Once you’ve written your Will, don’t just forget about it. Changes to your circumstances (e.g. marriage, divorce, having a child or moving house) can make parts of the Will invalid or unfair and open to a successful claim under the Inheritance Act. You should therefore review your Will regularly to reflect any major life changes, ideally every year.

Find out more about life events that can affect how you make a Will here.

8 reasons why you should be making a Will today

Wills – Your Questions Answered

An at-a-glance guide to making a Will, and the risks you run if you haven’t made a Will.

1. If you don’t make a will, you cannot control who will inherit your money and property.

If you die without making a Will, your property will be distributed according to law (the law of ‘intestacy’), which is likely to be against your personal wishes and the people you want to inherit your possessions may not benefit. By making a Will, you can determine precisely who will inherit your property and let your loved ones know that you have considered their needs.

The law of intestacy is complex, but, broadly speaking, the bulk of your estate will go to your spouse (including a registered civil partner) or, if none, to your children (whether or not they are adults) and, if none, to other blood relatives.

The effect of the rules depends partly on whether you have children and your marital status. If you’re married with no children, your surviving spouse/civil partner will inherit everything.

But if you’re married with children, when you die without a Will less than you expect may go to your spouse. Your surviving spouse will receive £250,000, plus your personal belongings, and then half of the estate automatically. Your children will then inherit the remaining half share of the estate (or on trust until they reach the age of 18).

So it’s always prudent to have a valid will rather than rely on the intestacy rules.

Find out the laws on intestacy here.

2. If you’re not married and haven’t made a Will, your partner may receive nothing.
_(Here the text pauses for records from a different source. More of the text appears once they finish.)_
(* Let $\hat\alpha\in\{-2,-3,\dots\}$ and let $\mathcal F=(F_1,F_2)$ be a pair of finite sets of positive integers satisfying $\{0,1,\dots,-\hat\alpha-1\}\subset F_1\cup(-\hat\alpha-1-F_2)$, and assume that $\hat c=\hat\alpha+1$ and $\mathcal F$ are admissible (i.e. $\prod_{h\in\mathcal H}(x-h)\ge0$ for all $x\in\mathbb N\setminus F_1$). Then $\hat\alpha+s_{\mathcal F}\ne-1$, and: (1) if $\hat\alpha+s_{\mathcal F}\le-2$, then $\hat c'=\hat\alpha+1+s_{\mathcal F}$ and $\mathcal F_\Downarrow=(F'_1,F'_2)$ satisfy $\{0,1,\dots,-\hat c'\}\subset F'_1\cup(-\hat c'-F'_2)$ and are admissible in the same sense; (2) if $\hat\alpha+s_{\mathcal F}\ge0$, then $d=\hat\alpha+1+s_{\mathcal F}$ and $\mathcal F_\Downarrow=(F'_1,F'_2)$ are admissible in the sense that $\prod_{f\in F'_1}(x-f)\prod_{f\in F'_2}(x+d+f)\Gamma(x+d)\ge0$ for all $x\in\mathbb N$.
   Context: $\mathbb N=\{0,1,\dots\}$; $t-F=\{t-f:f\in F\}$. For $\hat c\in\{0,-1,\dots\}$ and pair $(F_1,F_2)$: $\mathcal H=[(F_1\cup(-\hat c-F_2))\setminus\{0,\dots,-\hat c\}]\cup[F_1\cap(-\hat c-F_2)]$. For a finite set $F=\{f_1<\dots<f_{n_F}\}$ of positive integers: $s_F=1$ if $F=\emptyset$; $s_F=n_F+1$ if $F=\{1,\dots,n_F\}$; otherwise $s_F=\min\{s\ge1:s<f_s\}$. $F_\Downarrow=\emptyset$ if $F=\emptyset$ or $F=\{1,\dots,n_F\}$; otherwise $F_\Downarrow=\{f_{s_F}-s_F,\dots,f_{n_F}-s_F\}$. For a pair, $s_{\mathcal F}=s_{F_1}$ and $\mathcal F_\Downarrow=((F_1)_\Downarrow,F_2)$. *)

theory Defs
  imports "HOL-Analysis.Analysis"
begin

text \<open>Finite sets of positive integers are modelled as int sets.
  For F = {f_1 < ... < f_n}, f_s is (sorted_list_of_set F) ! (s-1).\<close>

definition s_idx :: "int set \<Rightarrow> nat" where
  "s_idx F = (let n = card F; xs = sorted_list_of_set F in
     if F = {} then 1
     else if F = {1..int n} then n + 1
     else (LEAST s. 1 \<le> s \<and> s \<le> n \<and> int s < xs ! (s - 1)))"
If you’re not married but are living with your partner and you want them to inherit your estate, it’s particularly important that you make a will. This is because the rules of intestacy make no provision for cohabitation or unmarried partners (other than registered civil partners). If you died without making a Will, your partner may not be legally entitled to anything from your estate.

Find out about the cohabitation risk you take if you’re part of an unmarried couple and haven’t made a will.

3. By making a Will you can determine who will handle your affairs after your death.

If you die without making a Will, you die ‘intestate’. This means that the management of your affairs is then placed in the hands of administrators who are appointed by the court. The administrators distribute your estate according to the rules of intestacy (see above).

4. By making a Will you can name a guardian for your children.

If you have minor children, you can name a guardian to care for them in the event of them being left without any parents. Since a guardian takes the place of a parent, making a will gives you the option of choosing someone you believe will offer the best care for your children if you’re not around.

5. It’s important to make a new Will if you get married or divorced.

Once you have made your Will, changes to your circumstances (e.g. marriage, separation, divorce, having a child or moving house) can make parts of the Will invalid or unfair and open to a successful claim under the Inheritance Act. You should, therefore, review your Will regularly to reflect any major life changes, preferably every five years.

Find out why you should make a Will if you’re getting divorced.

6. You can save Inheritance Tax.

Making a Will gives you the opportunity of saving Inheritance Tax liability. This is particularly important if you have substantial assets.

Find out more about Inheritance Tax here.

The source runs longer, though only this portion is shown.